## Extracted entries
lemma abs_hankel_d_odd_0:
  "\<bar>hankel_d (2 * k + 1) 0\<bar> = \<bar>hankel_d k 1\<bar> ^ 2"
proof -
  let ?n = "2 * k + 1"
  let ?H = "hankel_mat ?n 0" and ?p = "evens_first ?n" and ?q = "odds_first ?n"
  let ?B = "mat (k + 1) (k + 1) (\<lambda>(i, j). ?H $$ (?p i, ?q j))"
  have size: "?n - (k + 1) = k"
    by simp
  have q_k: "?q k = 0"
    using odds_first_high[of k ?n 0] by simp
  have "\<bar>det ?H\<bar> = \<bar>det ?B\<bar>
      * \<bar>det (mat (?n - (k + 1)) (?n - (k + 1)) (\<lambda>(i, j). ?H $$ (?p (k + 1 + i), ?q (k + 1 + j))))\<bar>"
  proof (rule abs_det_block_triangular[OF hankel_mat_carrier evens_first_permutes odds_first_permutes])
    fix i j assume ij: "i < k + 1" "k + 1 \<le> j" "j < ?n"
    have "?p i = 2 * i" "?q j = 2 * (j - k)"
      using ij evens_first_low odds_first_high[of k ?n "j - k"] by simp_all
    with ij show "?H $$ (?p i, ?q j) = 0"
      by (intro hankel_mat_eq_0 evens_first_less odds_first_less) auto
  qed simp
  also have "mat (?n - (k + 1)) (?n - (k + 1)) (\<lambda>(i, j). ?H $$ (?p (k + 1 + i), ?q (k + 1 + j)))
      = hankel_mat k 1"
    unfolding size
  proof (rule hankel_mat_interleaved_block[where r = 1 and s = 2])
    fix i assume "i < k"
    then show "?p (k + 1 + i) = 2 * i + 1 \<and> ?p (k + 1 + i) < ?n"
      using evens_first_high[of "k + 1" ?n i] by (auto intro: evens_first_less)
  next
    fix j assume "j < k"
    then show "?q (k + 1 + j) = 2 * j + 2 \<and> ?q (k + 1 + j) < ?n"
      using odds_first_high[of k ?n "j + 1"] by (auto intro: odds_first_less)
  qed simp
  also have "\<bar>det ?B\<bar> = \<bar>det (mat_delete ?B 0 k)\<bar>"
  proof -
    txt \<open>The last column of \<open>?B\<close> is column 0 of the Hankel matrix on the even rows,
      i.e. \<open>a (2i)\<close>, which is the first unit vector.\<close>
    have "?B $$ (i, k) = (if i = 0 then 1 else 0)" if "i < k + 1" for i
      using that q_k evens_first_low[of i ?n] by (auto simp: a_seq_even)
    then have "det ?B = (-1) ^ k * det (mat_delete ?B 0 k)"
      by (subst det_unit_column[of _ "k + 1" 0 k]) auto
    then show ?thesis
      by (simp add: abs_mult)
  qed
  also have "mat_delete ?B 0 k = mat k k (\<lambda>(i, j). ?H $$ (?p (Suc i), ?q j))"
    by (rule eq_matI) (auto simp: mat_delete_def)
  also have "\<dots> = hankel_mat k 1"
    by (rule hankel_mat_interleaved_block[where r = 2 and s = 1])
      (auto simp: evens_first_low odds_first_low intro: evens_first_less odds_first_less)
  finally show ?thesis
    by (simp add: hankel_d_eq_det power2_eq_square)
qed

lemma abs_hankel_d_shift_0_1: "\<bar>hankel_d n 0\<bar> = 1 \<and> \<bar>hankel_d n 1\<bar> = 1"
proof (induction n rule: less_induct)
  case (less n)
  show ?case
  proof (cases "n = 0")
    case True
    then show ?thesis
      by (simp add: hankel_d_def)
  next
    case False
    have shift_0: "\<bar>hankel_d n 0\<bar> = 1"
    proof (cases "even n")
      case True
      then obtain k where "n = 2 * k" by blast
      with \<open>n \<noteq> 0\<close> less show ?thesis
        using abs_hankel_d_even_even[of k 0] by simp
    next
      case False
      then obtain k where "n = 2 * k + 1" using oddE by blast
      with less show ?thesis
        using abs_hankel_d_odd_0[of k] by simp
    qed
    have "\<bar>hankel_d ((n + 1) div 2) 0\<bar> = 1"
      using shift_0 less \<open>n \<noteq> 0\<close> by (cases "n = 1") simp_all
    moreover have "\<bar>hankel_d (n div 2) 1\<bar> = 1"
      using less \<open>n \<noteq> 0\<close> by simp
    ultimately show ?thesis
      using shift_0 abs_hankel_d_odd_shift[of n 0] by simp
  qed
qed

lemma dvd_or_dvd_add_odd_iff:
  fixes M n m :: nat
  assumes "2 \<le> M"
  shows "(2 * M dvd n \<or> 2 * M dvd n + (2 * m + 1)) \<longleftrightarrow>
    (M dvd (n + 1) div 2 \<or> M dvd (n + 1) div 2 + m) \<and> (M dvd n div 2 \<or> M dvd n div 2 + (m + 1))"
proof -
  have not_both: "\<not> (M dvd x \<and> M dvd x + 1)" for x
    using assms dvd_add_right_iff[of M x 1] by auto
  show ?thesis
  proof (cases "even n")
    case True
    then obtain k where n: "n = 2 * k" by blast
    have "odd (n + (2 * m + 1))"
      using n by simp
    then have "\<not> 2 * M dvd n + (2 * m + 1)"
      using dvd_mult_left[of 2 M] by blast
    then have "(2 * M dvd n \<or> 2 * M dvd n + (2 * m + 1)) \<longleftrightarrow> M dvd k"
      using n by simp
    also have "\<dots> \<longleftrightarrow> (M dvd k \<or> M dvd k + m) \<and> (M dvd k \<or> M dvd k + (m + 1))"
      using not_both[of "k + m"] by (auto simp: add.assoc)
    finally show ?thesis
      using n by simp
  next
    case False
    then obtain k where n: "n = 2 * k + 1" using oddE by blast
    have "\<not> 2 * M dvd n"
      using False dvd_mult_left[of 2 M] by blast
    moreover have "2 * M dvd n + (2 * m + 1) \<longleftrightarrow> 2 * M dvd 2 * (k + 1 + m)"
      using n by simp
    moreover have "\<dots> \<longleftrightarrow> M dvd k + 1 + m"
      by (rule nat_mult_dvd_cancel1) simp
    ultimately have "(2 * M dvd n \<or> 2 * M dvd n + (2 * m + 1)) \<longleftrightarrow> M dvd k + 1 + m"
      by blast
    also have "\<dots> \<longleftrightarrow> (M dvd k + 1 \<or> M dvd k + 1 + m) \<and> (M dvd k \<or> M dvd k + (m + 1))"
      using not_both[of k] by (auto simp: algebra_simps)
    finally show ?thesis
      using n by simp
  qed
qed

lemma abs_hankel_d_even_shift_step:
  assumes IH: "\<And>k. \<bar>hankel_d k m\<bar> = (if M dvd k \<or> M dvd k + m then 1 else 0)" and "m \<ge> 1"
  shows "\<bar>hankel_d n (2 * m)\<bar> = (if 2 * M dvd n \<or> 2 * M dvd n + 2 * m then 1 else 0)"
proof (cases "even n")
  case True
  then obtain k where n: "n = 2 * k" by blast
  have "2 * M dvd n + 2 * m \<longleftrightarrow> 2 * M dvd 2 * (k + m)"
    using n by simp
  also have "\<dots> \<longleftrightarrow> M dvd k + m"
    by (rule nat_mult_dvd_cancel1) simp
  finally have "2 * M dvd n + 2 * m \<longleftrightarrow> M dvd k + m" .
  then show ?thesis
    using n IH[of k] abs_hankel_d_even_even[of k m] by (simp add: power2_eq_square)
next
  case False
  then obtain k where n: "n = 2 * k + 1" using oddE by blast
  have "odd (n + 2 * m)"
    using False by simp
  then have "\<not> (2 * M dvd n \<or> 2 * M dvd n + 2 * m)"
    using False dvd_mult_left[of 2 M] by blast
  then show ?thesis
    using n hankel_d_odd_even_eq_0[OF \<open>m \<ge> 1\<close>] by simp
qed

lemma abs_hankel_d_odd_shift_step:
  assumes "2 \<le> M"
    and IH: "\<And>k. \<bar>hankel_d k m\<bar> = (if M dvd k \<or> M dvd k + m then 1 else 0)"
    and IH_Suc: "\<And>k. \<bar>hankel_d k (m + 1)\<bar> = (if M dvd k \<or> M dvd k + (m + 1) then 1 else 0)"
  shows "\<bar>hankel_d n (2 * m + 1)\<bar> =
    (if 2 * M dvd n \<or> 2 * M dvd n + (2 * m + 1) then 1 else 0)"
  using abs_hankel_d_odd_shift[of n m] dvd_or_dvd_add_odd_iff[OF assms(1), of n m] IH IH_Suc
  by simp

text \<open>The range \<open>m \<le> 2^e \<le> 2m\<close>, unlike \<open>2^e < 2m\<close>, is preserved when \<open>m\<close> is replaced
  by \<open>\<lfloor>m/2\<rfloor>\<close> or \<open>\<lceil>m/2\<rceil>\<close> and \<open>e\<close> by \<open>e - 1\<close>;
  at its two ends (\<open>m\<close> a power of 2) the condition reads \<open>m dvd n\<close>.\<close>

lemma abs_hankel_d_pow2:
  assumes "m \<le> 2 ^ e" and "2 ^ e \<le> 2 * m"
  shows "\<bar>hankel_d n m\<bar> = (if 2 ^ e dvd n \<or> 2 ^ e dvd n + m then 1 else 0)"
  using assms
proof (induction m arbitrary: n e rule: less_induct)
  case (less m)
  have "0 < (2::nat) ^ e"
    by simp
  show ?case
  proof (cases "m = 1")
    case True
    then consider "2 ^ e = (1::nat)" | "2 ^ e = (2::nat)"
      using less.prems \<open>0 < 2 ^ e\<close> by linarith
    then have "2 ^ e dvd n \<or> 2 ^ e dvd n + m"
    proof cases
      case 1
      then show ?thesis by simp
    next
      case 2
      show ?thesis unfolding 2 True by presburger
    qed
    then show ?thesis
      using True abs_hankel_d_shift_0_1 by simp
  next
    case not_1: False
    with less.prems obtain e' where e: "e = Suc e'"
      by (cases e) auto
    define M where "M = (2::nat) ^ e'"
    have bounds: "m \<le> 2 * M" "2 * M \<le> 2 * m" "0 < M"
      using less.prems unfolding M_def e by simp_all
    have IH: "\<bar>hankel_d k l\<bar> = (if M dvd k \<or> M dvd k + l then 1 else 0)"
      if "l < m" "l \<le> M" "M \<le> 2 * l" for k l
      using less.IH[of l e' k] that unfolding M_def by blast
    show ?thesis
    proof (cases "even m")
      case True
      then obtain m' where m: "m = 2 * m'" by blast
      with bounds not_1 have "1 \<le> m'" "m' < m" "m' \<le> M" "M \<le> 2 * m'"
        by simp_all
      then show ?thesis
        using abs_hankel_d_even_shift_step[of m' M n] IH unfolding m e M_def by simp
    next
      case False
      then obtain m' where m: "m = 2 * m' + 1" using oddE by blast
      with bounds not_1 have "2 \<le> M"
        by simp
      then have "even M"
        unfolding M_def by (cases e') simp_all
      with bounds m have "m' < m" "m' \<le> M" "M \<le> 2 * m'" "m' + 1 < m" "m' + 1 \<le> M" "M \<le> 2 * (m' + 1)"
        by presburger+
      then show ?thesis
        using abs_hankel_d_odd_shift_step[OF \<open>2 \<le> M\<close>, of m' n] IH unfolding m e M_def by simp
    qed
  qed
qed

lemma cong_iff_dvd_nat:
  "[int n = 0] (mod int M) \<longleftrightarrow> M dvd n" "[int n = - int m] (mod int M) \<longleftrightarrow> M dvd n + m"
  by (simp_all add: cong_0_iff cong_iff_dvd_diff flip: of_nat_add)

theorem theorem3p1:
  fixes m K n :: nat
  assumes "1 \<le> (2::nat) ^ K" and "2 ^ K < m" and "m \<le> 2 ^ (K + 1)"
  shows "(([int n = 0] (mod 2 ^ (K + 1)) \<or> [int n = - int m] (mod 2 ^ (K + 1)))
            \<longrightarrow> hankel_d n m \<in> {1, -1})
       \<and> (\<not> ([int n = 0] (mod 2 ^ (K + 1)) \<or> [int n = - int m] (mod 2 ^ (K + 1)))
            \<longrightarrow> hankel_d n m = 0)"
proof -
  have pow: "(2::int) ^ (K + 1) = int (2 ^ (K + 1))"
    by simp
  have "\<bar>hankel_d n m\<bar> = (if 2 ^ (K + 1) dvd n \<or> 2 ^ (K + 1) dvd n + m then 1 else 0)"
    using assms by (intro abs_hankel_d_pow2) auto
  moreover have "[int n = 0] (mod 2 ^ (K + 1)) \<or> [int n = - int m] (mod 2 ^ (K + 1)) \<longleftrightarrow>
      2 ^ (K + 1) dvd n \<or> 2 ^ (K + 1) dvd n + m"
    unfolding pow cong_iff_dvd_nat ..
  ultimately show ?thesis
    by (auto simp: abs_if split: if_splits)
qed

end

## Required action
Restate exactly, and only, every line from the one that contains "unfolding pow cong_iff_dvd_nat .." through the last line of the records.

## Response area
    unfolding pow cong_iff_dvd_nat ..
  ultimately show ?thesis
    by (auto simp: abs_if split: if_splits)
qed

end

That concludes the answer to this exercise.